It's not the only thing that I like about them but it is a big deal. For the same reason, I don't buy shoes in the wrong size just because they are on sale... 

The thing is that if you like your guitar, you'll want to play. It doesn't really matter what name is on the headstock. The OP wants to buy a Gibson that he likes, I don't think he's considering an Epiphone instead and I don't know why he would if he really wants the LP Custom that he's chasing.


----------



## GTmaker (Apr 24, 2006)

Lord-Humongous said:


> It's not the only thing that I like about them but it is a big deal. For the same reason, I don't buy shoes in the wrong size just because they are on sale...
> The thing is that if you like your guitar, you'll want to play. It doesn't really matter what name is on the headstock. The OP wants to buy a Gibson that he likes, I don't think he's considering an Epiphone instead and I don't know why he would if he really wants the LP Custom that he's chasing.
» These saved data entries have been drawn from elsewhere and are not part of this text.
lemma card_filter_set_conv_nth:
  assumes "distinct u"
  shows "card {y \<in> set u. P y} = card {k. k < length u \<and> P (u ! k)}"
proof -
  have "{y \<in> set u. P y} = (\<lambda>k. u ! k) ` {k. k < length u \<and> P (u ! k)}"
    by (auto simp: in_set_conv_nth)
  moreover have "inj_on (\<lambda>k. u ! k) {k. k < length u \<and> P (u ! k)}"
    using assms by (auto simp: inj_on_def nth_eq_iff_index_eq)
  ultimately show ?thesis by (simp add: card_image)
qed

lemma st_eqI:
  assumes p: "p \<in> perms (length u)"
    and mono: "\<And>i j. i < length u \<Longrightarrow> j < length u \<Longrightarrow> p ! i < p ! j \<Longrightarrow> u ! i < u ! j"
  shows "st u = p"
proof -
  have lp: "length p = length u" and dp: "distinct p" using p perms_length perms_distinct by auto
  have iff: "u ! i < u ! j \<longleftrightarrow> p ! i < p ! j" if "i < length u" "j < length u" for i j
  proof
    assume "u ! i < u ! j"
    then have "p ! i \<noteq> p ! j" using dp that lp by (auto simp: nth_eq_iff_index_eq)
    then show "p ! i < p ! j" using mono[OF that(2,1)] \<open>u ! i < u ! j\<close> by fastforce
  qed (rule mono[OF that])
  have du: "distinct u"
  proof (subst distinct_conv_nth, intro allI impI)
    fix i j assume ij: "i < length u" "j < length u" "i \<noteq> j"
    then have "p ! i \<noteq> p ! j" using dp lp by (simp add: nth_eq_iff_index_eq)
    then show "u ! i \<noteq> u ! j" using iff ij by (metis linorder_neqE_nat less_irrefl)
  qed
  show ?thesis
  proof (rule nth_equalityI)
    show "length (st u) = length p" using lp by simp
    fix i assume "i < length (st u)"
    then have i: "i < length u" by simp
    have "st u ! i = card {k. k < length u \<and> u ! k \<le> u ! i}"
      using i by (simp add: nth_st rank_def card_filter_set_conv_nth[OF du])
    also have "\<dots> = card {k. k < length u \<and> p ! k \<le> p ! i}"
      using iff i by (metis not_le)
    also have "\<dots> = card {y \<in> set p. y \<le> p ! i}"
      using card_filter_set_conv_nth[OF dp] lp by simp
    also have "{y \<in> set p. y \<le> p ! i} = {1..p ! i}"
      using p perms_nth[OF p] i by (auto simp: perms_def intro: order_trans)
    finally show "st u ! i = p ! i" by simp
  qed
qed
Completely agree with your statement...I just hope that the OP isn't fooled into thinking that 
just because you spend a lot of money, its a guarantee of a good product.

G.

[ QUOTE ]"I've played multiples of both... the Sheraton is a good guitar, but it's not a 335."[/QUOTE]

I obviously have a different opinion, and I would hope others would form their own opinion by playing multiples of both also.

G.


----------



## Lola (Nov 16, 2014)

JBFairthorne said:


> It hasn't been mentioned yet so I'm just going to throw it out there...
> 
> Owing a friend money is a great way to ruin a friendship. I would just save up the money and buy it outright. If he's a friend, he'll hold onto it for you.


That is so true! Everyone in our society seems to want instant gratification. I want it now!


----------



## greco (Jul 15, 2007)

GTmaker said:


> [ QUOTE ]"I've played multiples of both... the Sheraton is a good guitar, but it's not a 335."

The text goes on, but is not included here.